* Prompt
Pick out each line in these entries that contains the string "intro".
········
lemma PiM_density_component:
  fixes g :: "'a \<Rightarrow> ennreal"
  assumes "finite I" "m \<in> I" "prob_space P" "prob_space (density P g)" "g \<in> borel_measurable P"
  shows "PiM I (\<lambda>i. if i = m then density P g else P) = density (PiM I (\<lambda>_. P)) (\<lambda>z. g (z m))"
proof -
  interpret P: prob_space P by fact
  interpret Pg: prob_space "density P g" by fact
  interpret PP: product_sigma_finite "\<lambda>_. P" by standard
  let ?M = "\<lambda>i. if i = m then density P g else P" and ?Q = "PiM I (\<lambda>_. P)"
  interpret PM: product_sigma_finite ?M
    unfolding product_sigma_finite_def
    by (auto intro: P.sigma_finite_measure_axioms Pg.sigma_finite_measure_axioms)
  have gm: "(\<lambda>z. g (z m)) \<in> borel_measurable ?Q"
    using assms(2,5) by measurable
  show ?thesis
  proof (rule PM.PiM_eqI[symmetric])
    show "sets (density ?Q (\<lambda>z. g (z m))) = sets (PiM I ?M)"
      by (simp, rule sets_PiM_cong) auto
  next
    fix A assume A: "\<And>i. i \<in> I \<Longrightarrow> A i \<in> sets (?M i)"
    then have AP: "\<And>i. i \<in> I \<Longrightarrow> A i \<in> sets P" by (metis sets_density)
    define h where "h i x = (if i = m then g x else 1) * indicator (A i) x" for i x
    have "emeasure (density ?Q (\<lambda>z. g (z m))) (Pi\<^sub>E I A) = (\<integral>\<^sup>+ z. g (z m) * indicator (Pi\<^sub>E I A) z \<partial>?Q)"
      using AP assms(1) by (intro emeasure_density[OF gm] sets_PiM_I_finite) auto
    also have "\<dots> = (\<integral>\<^sup>+ z. (\<Prod>i\<in>I. h i (z i)) \<partial>?Q)"
    proof (rule nn_integral_cong)
      fix z assume "z \<in> space ?Q"
      have "(\<Prod>i\<in>I. h i (z i)) = (\<Prod>i\<in>I. if i = m then g (z i) else 1) * (\<Prod>i\<in>I. indicator (A i) (z i))"
        unfolding h_def by (rule prod.distrib)
      also have "\<dots> = g (z m) * indicator (Pi\<^sub>E I A) z"
        using \<open>z \<in> space ?Q\<close> assms(1,2)
        by (simp add: prod.delta space_PiM PiE_def prod_indicator_eq_indicator_PiE)
      finally show "g (z m) * indicator (Pi\<^sub>E I A) z = (\<Prod>i\<in>I. h i (z i))" ..
    qed
    also have "\<dots> = (\<Prod>i\<in>I. integral\<^sup>N P (h i))"
      using AP assms(2,5) unfolding h_def by (intro PP.product_nn_integral_prod assms(1)) auto
    also have "\<dots> = (\<Prod>i\<in>I. emeasure (?M i) (A i))"
    proof (rule prod.cong)
      fix i assume "i \<in> I"
      then have "A i \<in> sets P" by (rule AP)
      then show "integral\<^sup>N P (h i) = emeasure (?M i) (A i)"
        using assms(5) by (cases "i = m") (simp_all add: h_def[abs_def] emeasure_density)
    qed simp
    finally show "emeasure (density ?Q (\<lambda>z. g (z m))) (Pi\<^sub>E I A) = (\<Prod>i\<in>I. emeasure (?M i) (A i))" .
  qed (fact assms(1))
qed

lemma emeasure_PiM_density_component_transpose:
  fixes g :: "'a \<Rightarrow> ennreal"
  assumes "finite I" "m \<in> I" "k \<in> I" "prob_space P" "prob_space (density P g)" "g \<in> borel_measurable P"
    and E: "E \<in> sets (PiM I (\<lambda>i. if i = m then density P g else P))"
  shows "emeasure (PiM I (\<lambda>i. if i = m then density P g else P)) E
       = (\<integral>\<^sup>+ z. g (z k) * indicator E (z \<circ> Transposition.transpose k m) \<partial>PiM I (\<lambda>_. P))"
proof -
  let ?Q = "PiM I (\<lambda>_. P)" and ?\<tau> = "Transposition.transpose k m"
  have M: "PiM I (\<lambda>i. if i = m then density P g else P) = density ?Q (\<lambda>z. g (z m))"
    using PiM_density_component assms(1,2,4-6) .
  have "E \<in> sets ?Q" using E unfolding M by simp
  have g_m: "(\<lambda>z. g (z m)) \<in> borel_measurable ?Q"
    by (rule measurable_compose[OF measurable_component_singleton[OF assms(2)] assms(6)])
  then have f: "(\<lambda>z. g (z m) * indicator E z) \<in> borel_measurable ?Q"
    using \<open>E \<in> sets ?Q\<close> by measurable
  have "emeasure (PiM I (\<lambda>i. if i = m then density P g else P)) E = (\<integral>\<^sup>+ z. g (z m) * indicator E z \<partial>?Q)"
    unfolding M using g_m \<open>E \<in> sets ?Q\<close> by (rule emeasure_density)
  also have "\<dots> = (\<integral>\<^sup>+ z. g ((z \<circ> ?\<tau>) m) * indicator E (z \<circ> ?\<tau>) \<partial>?Q)"
    using nn_integral_PiM_permute[OF assms(4) permutes_swap_id[OF assms(3,2)] f] by simp
  finally show ?thesis by simp
qed

lemma measure_ge_of_weighted_transpositions:
  fixes I :: "'i set" and m :: 'i and P :: "'a measure" and g :: "'a \<Rightarrow> real"
  defines "M \<equiv> PiM I (\<lambda>i. if i = m then density P (\<lambda>x. ennreal (g x)) else P)"
  assumes I: "finite I" "m \<in> I" and P: "prob_space P" "prob_space (density P (\<lambda>x. ennreal (g x)))"
    and g: "g \<in> borel_measurable P" "\<And>x. 0 \<le> g x" and "0 \<le> \<alpha>" and E: "E \<in> sets M"
    and bound: "\<And>z. z \<in> space (PiM I (\<lambda>_. P)) \<Longrightarrow>
      \<alpha> * (\<Sum>k\<in>I. g (z k)) \<le> (\<Sum>k\<in>{k\<in>I. z \<circ> Transposition.transpose k m \<in> E}. g (z k))"
  shows "\<alpha> \<le> measure M E"
proof -
  let ?Q = "PiM I (\<lambda>_. P)" and ?\<tau> = "\<lambda>k. Transposition.transpose k m"
  interpret M: prob_space M
    unfolding M_def using P by (intro prob_space_PiM) auto
  have swap: "emeasure M E' = (\<integral>\<^sup>+ z. ennreal (g (z k)) * indicator E' (z \<circ> ?\<tau> k) \<partial>?Q)"
    if "k \<in> I" "E' \<in> sets M" for k E'
    using that I P g(1) unfolding M_def by (intro emeasure_PiM_density_component_transpose) auto
  have sets_M: "sets M = sets ?Q" unfolding M_def by (rule sets_PiM_cong) auto
  have "E \<in> sets ?Q" using E sets_M by simp
  have transposed_in_space: "z \<circ> ?\<tau> k \<in> space M" if "z \<in> space ?Q" "k \<in> I" for z k
  proof -
    have "z \<circ> ?\<tau> k \<in> space ?Q"
      by (rule measurable_space[OF measurable_PiM_permute[OF permutes_swap_id[OF that(2) I(2)]] that(1)])
    then show ?thesis using sets_eq_imp_space_eq[OF sets_M] by simp
  qed
  have weight_k: "(\<lambda>z. ennreal (g (z k))) \<in> borel_measurable ?Q" if "k \<in> I" for k
    using measurable_compose[OF measurable_component_singleton[OF that] g(1)] by simp
  have transposed_E: "(\<lambda>z. ennreal (g (z k)) * indicator E (z \<circ> ?\<tau> k)) \<in> borel_measurable ?Q"
    if "k \<in> I" for k
  proof -
    have "(\<lambda>z. indicator E (z \<circ> ?\<tau> k) :: ennreal) \<in> borel_measurable ?Q"
      by (rule measurable_compose[OF measurable_PiM_permute[OF permutes_swap_id[OF that I(2)]]
            borel_measurable_indicator[OF \<open>E \<in> sets ?Q\<close>]])
    then show ?thesis using weight_k[OF that] by simp
  qed
  have one: "(\<integral>\<^sup>+ z. ennreal (g (z k)) \<partial>?Q) = 1" if "k \<in> I" for k
  proof -
    have "(\<integral>\<^sup>+ z. ennreal (g (z k)) \<partial>?Q) = emeasure M (space M)"
      using swap[OF that sets.top] transposed_in_space[OF _ that] by (auto intro: nn_integral_cong)
    then show ?thesis using M.emeasure_space_1 by simp
  qed
  have "ennreal (card I * \<alpha>) = (\<Sum>k\<in>I. ennreal \<alpha> * (\<integral>\<^sup>+ z. ennreal (g (z k)) \<partial>?Q))"
    using \<open>0 \<le> \<alpha>\<close> by (simp add: one ennreal_mult ennreal_of_nat_eq_real_of_nat)
  also have "\<dots> = (\<Sum>k\<in>I. \<integral>\<^sup>+ z. ennreal \<alpha> * ennreal (g (z k)) \<partial>?Q)"
    by (intro sum.cong refl nn_integral_cmult[symmetric] weight_k)
  also have "\<dots> = (\<integral>\<^sup>+ z. (\<Sum>k\<in>I. ennreal \<alpha> * ennreal (g (z k))) \<partial>?Q)"
    using weight_k by (intro nn_integral_sum[symmetric]) auto
  also have "\<dots> = (\<integral>\<^sup>+ z. ennreal (\<alpha> * (\<Sum>k\<in>I. g (z k))) \<partial>?Q)"
    using \<open>0 \<le> \<alpha>\<close> g(2)
    by (simp add: sum_distrib_left ennreal_mult'[symmetric] sum_ennreal)
  also have "\<dots> \<le> (\<integral>\<^sup>+ z. ennreal (\<Sum>k\<in>{k\<in>I. z \<circ> ?\<tau> k \<in> E}. g (z k)) \<partial>?Q)"
    using bound by (intro nn_integral_mono ennreal_leI) auto
  also have "\<dots> = (\<integral>\<^sup>+ z. (\<Sum>k\<in>I. ennreal (g (z k)) * indicator E (z \<circ> ?\<tau> k)) \<partial>?Q)"
  proof (rule nn_integral_cong)
    fix z
    have "(\<Sum>k\<in>{k\<in>I. z \<circ> ?\<tau> k \<in> E}. ennreal (g (z k))) = (\<Sum>k\<in>I. ennreal (g (z k)) * indicator E (z \<circ> ?\<tau> k))"
      using I(1) by (simp add: sum.inter_filter[symmetric])
    then show "ennreal (\<Sum>k\<in>{k\<in>I. z \<circ> ?\<tau> k \<in> E}. g (z k)) = (\<Sum>k\<in>I. ennreal (g (z k)) * indicator E (z \<circ> ?\<tau> k))"
      using g(2) by (simp add: sum_ennreal)
  qed
  also have "\<dots> = (\<Sum>k\<in>I. \<integral>\<^sup>+ z. ennreal (g (z k)) * indicator E (z \<circ> ?\<tau> k) \<partial>?Q)"
    using transposed_E by (intro nn_integral_sum) auto
  also have "\<dots> = (\<Sum>k\<in>I. emeasure M E)"
    using swap E by (intro sum.cong) auto
  also have "\<dots> = ennreal (card I * measure M E)"
    by (simp add: M.emeasure_eq_measure ennreal_of_nat_eq_real_of_nat ennreal_mult)
  finally have "card I * \<alpha> \<le> card I * measure M E"
    by (simp add: ennreal_le_iff)
  moreover have "0 < card I" using I by (auto simp: card_gt_0_iff)
  ultimately show ?thesis by simp
qed

theorem theorem7:
  fixes n :: nat
    and P Pt :: "((real ^ 'p) \<times> real) measure"
    and w :: "real ^ 'p \<Rightarrow> real"
    and H :: "real ^ 'p \<Rightarrow> real ^ 'p \<Rightarrow> (real ^ 'p) set \<Rightarrow> real"
    and V :: "real ^ 'p \<Rightarrow> real \<Rightarrow> real"
    and A :: "(nat \<Rightarrow> (real ^ 'p) \<times> real) \<Rightarrow> real ^ 'p \<Rightarrow> real"
    and \<alpha> :: real
  defines "M \<equiv> PiM {1..n+1} (\<lambda>i. if i = n+1 then Pt else P)"
    and "\<alpha>t \<equiv> (\<lambda>z. A (restrict z {1..n}) (fst (z (n+1))))"
  assumes P_prob: "prob_space P"
    and P_sets: "sets P = sets borel"
    and w_meas: "w \<in> borel_measurable borel"
    and w_nonneg: "\<And>x. w x \<ge> 0"
    and covshift: "Pt = density P (\<lambda>z. ennreal (w (fst z)))"
    and Pt_prob: "prob_space Pt"
    and H_range: "\<And>x1 x2 X. 0 \<le> H x1 x2 X \<and> H x1 x2 X \<le> 1"
    and H_diag: "\<And>x X. H x x X = 1"
    and V_meas: "(\<lambda>z. V (fst z) (snd z)) \<in> borel_measurable borel"
    and V_nonneg: "\<And>x y. V x y \<ge> 0"
    and alpha: "0 < \<alpha>" "\<alpha> < 1"
    and A_range: "\<And>z x. 0 \<le> A z x \<and> A z x \<le> 1"
    and A_perm: "\<And>\<sigma> z x. \<sigma> permutes {1..n} \<Longrightarrow> A (z \<circ> \<sigma>) x = A z x"
    and A_G2w: "\<And>z. G2w H V w n \<alpha> z (\<alpha>t z)"
    and event_meas: "{z \<in> space M. ereal (V (fst (z (n+1))) (snd (z (n+1)))) \<le> Qhat H V n z (\<alpha>t z)} \<in> sets M"
  shows "\<alpha> \<le> measure M {z \<in> space M. ereal (V (fst (z (n+1))) (snd (z (n+1)))) \<le> Qhat H V n z (\<alpha>t z)}
       \<and> \<alpha> \<le> measure M {z \<in> space M. snd (z (n+1)) \<in> Chat H V n z (\<alpha>t z)}"
proof -
  let ?I = "{1..n+1}" and ?Q = "PiM {1..n+1} (\<lambda>_. P)" and ?\<tau> = "\<lambda>k. Transposition.transpose k (n+1)"
  define E where "E = {z \<in> space M. ereal (V (fst (z (n+1))) (snd (z (n+1)))) \<le> Qhat H V n z (\<alpha>t z)}"
  have "(\<lambda>x::(real ^ 'p) \<times> real. w (fst x)) \<in> borel_measurable borel"
    unfolding borel_prod[symmetric] using w_meas by measurable
  then have w_fst: "(\<lambda>x. w (fst x)) \<in> borel_measurable P"
    using measurable_cong_sets[OF P_sets refl] by blast
  have space_M: "space M = space ?Q"
    unfolding M_def space_PiM by (rule PiE_cong) (simp add: covshift)
  have covering: "\<alpha> * (\<Sum>k\<in>?I. w (fst (z k))) \<le> (\<Sum>k\<in>{k\<in>?I. z \<circ> ?\<tau> k \<in> E}. w (fst (z k)))"
    if "z \<in> space ?Q" for z
  proof -
    have "z \<circ> ?\<tau> k \<in> space M" if "k \<in> ?I" for k
      using measurable_space[OF measurable_PiM_permute[OF transpose_last_permutes[OF that]] \<open>z \<in> space ?Q\<close>]
      unfolding space_M .
    then have "{k\<in>?I. z \<circ> ?\<tau> k \<in> E}
        = {k\<in>?I. ereal (Vs V z k) \<le> Qhat H V n (z \<circ> ?\<tau> k) (\<alpha>t (z \<circ> ?\<tau> k))}"
      unfolding E_def by (auto simp: Vs_def)
    then show ?thesis
      using weight_of_covering_swaps_ge[of H w V n \<alpha> \<alpha>t z] H_range w_nonneg A_G2w alpha by auto
  qed
  have M_density: "M = PiM ?I (\<lambda>i. if i = n+1 then density P (\<lambda>x. ennreal (w (fst x))) else P)"
    unfolding M_def covshift ..
  have "E \<in> sets M" using event_meas unfolding E_def .
  then have "\<alpha> \<le> measure M E"
    unfolding M_density
    by (intro measure_ge_of_weighted_transpositions[where g = "\<lambda>x. w (fst x)"])
      (use P_prob Pt_prob w_fst w_nonneg alpha covering in \<open>auto simp: covshift\<close>)
  moreover have "{z \<in> space M. snd (z (n+1)) \<in> Chat H V n z (\<alpha>t z)} = E"
    unfolding E_def Chat_def by simp
  ultimately show ?thesis unfolding E_def by simp
qed
(* Let $K=\mathrm{SU}(2)$ and define $\Pi\colon K^2\to[-2,2]^2$ by $\Pi(a,b)=(\mathrm{tr}(a),\mathrm{tr}(aba^{-1}b^{-1}))$. Then $$\Pi(K^2)=D:=\{(x,t)\in[-2,2]^2 : x^2-2\le t\}.$$ Moreover, the pushforward under $\Pi$ of the Haar measure on $K^2$ is equivalent (mutually absolutely continuous) to the Lebesgue measure restricted to $D$.
   Context: Traces of elements of $\mathrm{SU}(2)$ are real and lie in $[-2,2]$. *)

theory Defs
  imports "HOL-Analysis.Analysis"
begin

definition conj_transpose :: "complex^2^2 \<Rightarrow> complex^2^2" where
  "conj_transpose A = (\<chi> i j. cnj (A $ j $ i))"

definition SU2 :: "(complex^2^2) set" where
  "SU2 = {A. A ** conj_transpose A = mat 1 \<and> det A = 1}"

text \<open>The map Pi(a,b) = (tr a, tr(a b a^-1 b^-1)) (traces are real on SU(2)).\<close>

definition Pi_map :: "(complex^2^2) \<times> (complex^2^2) \<Rightarrow> real \<times> real" where
  "Pi_map p = (case p of (a, b) \<Rightarrow>
     (Re (trace a), Re (trace (a ** b ** matrix_inv a ** matrix_inv b))))"

definition D_set :: "(real \<times> real) set" where
  "D_set = {(x, t). x \<in> {-2..2} \<and> t \<in> {-2..2} \<and> x\<^sup>2 - 2 \<le> t}"
(* Each of the following functions $\varrho:\mathbb{R}\to\mathbb{R}$ is continuous and increasing, is differentiable at some $x_0$ with $\varrho'(x_0)\neq0$, is differentiable on $(-\infty,-r)\cup(r,\infty)$ for some $r>0$, and moreover either is bounded, or there are $\lambda,\lambda'\ge0$ with $\lambda\neq\lambda'$ such that $\varrho'(x)\to\lambda$ as $x\to\infty$ and $\varrho'(x)\to\lambda'$ as $x\to-\infty$: the ReLU $\max\{0,x\}$; the parametric ReLU $\max\{ax,x\}$ with $a\ge0$, $a\ne1$; the exponential linear unit $x\chi_{x\ge0}(x)+(e^x-1)\chi_{x<0}(x)$; the softsign $x/(1+|x|)$; the inverse square root linear unit $x\chi_{x\ge0}(x)+\frac{x}{\sqrt{1+ax^2}}\chi_{x<0}(x)$ with $a>0$; the inverse square root unit $x/\sqrt{1+ax^2}$ with $a>0$; the sigmoid $1/(1+e^{-x})$; $\tanh$; $\arctan$; and the softplus $\ln(1+e^x)$. Consequently, for each such $\varrho$, every $B>0$, every finite Borel measure $\mu$ on $[-B,B]^d$ with uncountable support, and every architecture $S=(d,N_1,\dots,N_{L-1},1)$ with $L\ge2$ and with $N_{L-1}\ge1$ if $\varrho$ is bounded and $N_{L-1}\ge 2$ otherwise, the set $\mathcal{RNN}_\varrho^{[-B,B]^d}(S)$ is not closed in $L^p(\mu)$ for any $p\in(0,\infty)$.
   Context: A neural network with architecture $S=(N_0,\dots,N_L)$ ($N_0=d$) is a family $\Phi=((A_\ell,b_\ell))_{\ell=1}^L$, $A_\ell\in\mathbb{R}^{N_\ell\times N_{\ell-1}}$, $b_\ell\in\mathbb{R}^{N_\ell}$; $\mathcal{NN}(S)$ is the set of these. For $\varrho:\mathbb{R}\to\mathbb{R}$ and $\Omega\subset\mathbb{R}^d$, $\mathrm{R}_\varrho^\Omega(\Phi):\Omega\to\mathbb{R}^{N_L}$, $x\mapsto x_L$, where $x_0=x$, $x_\ell=\varrho(A_\ell x_{\ell-1}+b_\ell)$ for $1\le\ell\le L-1$ (componentwise), $x_L=A_Lx_{L-1}+b_L$; $\mathcal{RNN}_\varrho^\Omega(S)=\{\mathrm{R}_\varrho^\Omega(\Phi):\Phi\in\mathcal{NN}(S)\}$. *)

theory Defs
  imports "HOL-Analysis.Analysis"
begin

definition relu :: "real \<Rightarrow> real" where
  "relu x = max 0 x"

definition prelu :: "real \<Rightarrow> real \<Rightarrow> real" where
  "prelu a x = max (a * x) x"

definition elu :: "real \<Rightarrow> real" where
  "elu x = (if x \<ge> 0 then x else exp x - 1)"

definition softsign :: "real \<Rightarrow> real" where
  "softsign x = x / (1 + \<bar>x\<bar>)"

definition isrlu :: "real \<Rightarrow> real \<Rightarrow> real" where
  "isrlu a x = (if x \<ge> 0 then x else x / sqrt (1 + a * x\<^sup>2))"

definition isru :: "real \<Rightarrow> real \<Rightarrow> real" where
  "isru a x = x / sqrt (1 + a * x\<^sup>2)"

definition sigmoid :: "real \<Rightarrow> real" where
  "sigmoid x = 1 / (1 + exp (- x))"

definition softplus :: "real \<Rightarrow> real" where
  "softplus x = ln (1 + exp x)"

definition listed_activations :: "(real \<Rightarrow> real) set" where
  "listed_activations =
     {relu, elu, softsign, sigmoid, tanh, arctan, softplus}
     \<union> {prelu a | a. a \<ge> 0 \<and> a \<noteq> 1}
     \<union> {isrlu a | a. a > 0}
     \<union> {isru a | a. a > 0}"

definition admissible_activation :: "(real \<Rightarrow> real) \<Rightarrow> bool" where
  "admissible_activation \<rho> \<longleftrightarrow>
     continuous_on UNIV \<rho> \<and> mono \<rho> \<and>
     (\<exists>x0 D. (\<rho> has_real_derivative D) (at x0) \<and> D \<noteq> 0) \<and>
     (\<exists>r>0. \<forall>x. \<bar>x\<bar> > r \<longrightarrow> \<rho> differentiable (at x)) \<and>
     (bounded (range \<rho>) \<or>
      (\<exists>l1 l2. l1 \<ge> 0 \<and> l2 \<ge> 0 \<and> l1 \<noteq> l2 \<and>
         ((deriv \<rho>) \<longlongrightarrow> l1) at_top \<and> ((deriv \<rho>) \<longlongrightarrow> l2) at_bot))"

text \<open>A layer (A, b) between hidden layers: A is indexed (i,j) with i < N_l, j < N_(l-1);
  b indexed by i < N_l. Entries outside these ranges are irrelevant.
  The first layer has weights indexed by (i, k) with i < N_1 and k :: 'd ranging over
  the coordinates of the input space R^d = real^'d (d = CARD('d)).\<close>

type_synonym layer = "(nat \<Rightarrow> nat \<Rightarrow> real) \<times> (nat \<Rightarrow> real)"
type_synonym 'd network = "((nat \<Rightarrow> 'd \<Rightarrow> real) \<times> (nat \<Rightarrow> real)) \<times> layer list"

text \<open>apply_layers rho ns ls v: ns lists the input widths of the layers in ls;
  the activation is applied after every layer except the last one.\<close>
fun apply_layers :: "(real \<Rightarrow> real) \<Rightarrow> nat list \<Rightarrow> layer list \<Rightarrow> (nat \<Rightarrow> real) \<Rightarrow> (nat \<Rightarrow> real)" where
  "apply_layers \<rho> (n # ns) ((A, b) # ls) v =
     (let w = (\<lambda>i. (\<Sum>j<n. A i j * v j) + b i)
      in if ls = [] then w else apply_layers \<rho> ns ls (\<lambda>i. \<rho> (w i)))"
| "apply_layers \<rho> _ _ v = v"

text \<open>Realization of a network with architecture (d, Ns!0, ..., last Ns, 1), i.e.
  L = length Ns + 1 layers (requires Ns nonempty, i.e. L \<ge> 2); the scalar output is
  component 0 of the output vector in R^1.\<close>
definition realize :: "(real \<Rightarrow> real) \<Rightarrow> nat list \<Rightarrow> 'd::finite network \<Rightarrow> real^'d \<Rightarrow> real" where
  "realize \<rho> Ns \<Phi> x =
     (let ((A1, b1), ls) = \<Phi>;
          h1 = (\<lambda>i. \<rho> ((\<Sum>k\<in>UNIV. A1 i k * x $ k) + b1 i))
      in apply_layers \<rho> Ns ls h1 0)"

definition RNN :: "(real \<Rightarrow> real) \<Rightarrow> nat list \<Rightarrow> (real^'d::finite \<Rightarrow> real) set" where
  "RNN \<rho> Ns = {realize \<rho> Ns \<Phi> | \<Phi>. length (snd \<Phi>) = length Ns}"

definition cube :: "real \<Rightarrow> (real^'d::finite) set" where
  "cube B = {x. \<forall>i. \<bar>x $ i\<bar> \<le> B}"

definition support :: "'a::topological_space measure \<Rightarrow> 'a set" where
  "support \<mu> = {x. \<forall>U. open U \<and> x \<in> U \<longrightarrow> emeasure \<mu> U > 0}"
········
* Solution to the exercise
    by (auto intro: P.sigma_finite_measure_axioms Pg.sigma_finite_measure_axioms)
      using AP assms(1) by (intro emeasure_density[OF gm] sets_PiM_I_finite) auto
      using AP assms(2,5) unfolding h_def by (intro PP.product_nn_integral_prod assms(1)) auto
    unfolding M_def using P by (intro prob_space_PiM) auto
    using that I P g(1) unfolding M_def by (intro emeasure_PiM_density_component_transpose) auto
      using swap[OF that sets.top] transposed_in_space[OF _ that] by (auto intro: nn_integral_cong)
    by (intro sum.cong refl nn_integral_cmult[symmetric] weight_k)
    using weight_k by (intro nn_integral_sum[symmetric]) auto
    using bound by (intro nn_integral_mono ennreal_leI) auto
    using transposed_E by (intro nn_integral_sum) auto
    using swap E by (intro sum.cong) auto
    by (intro measure_ge_of_weighted_transpositions[where g = "\<lambda>x. w (fst x)"])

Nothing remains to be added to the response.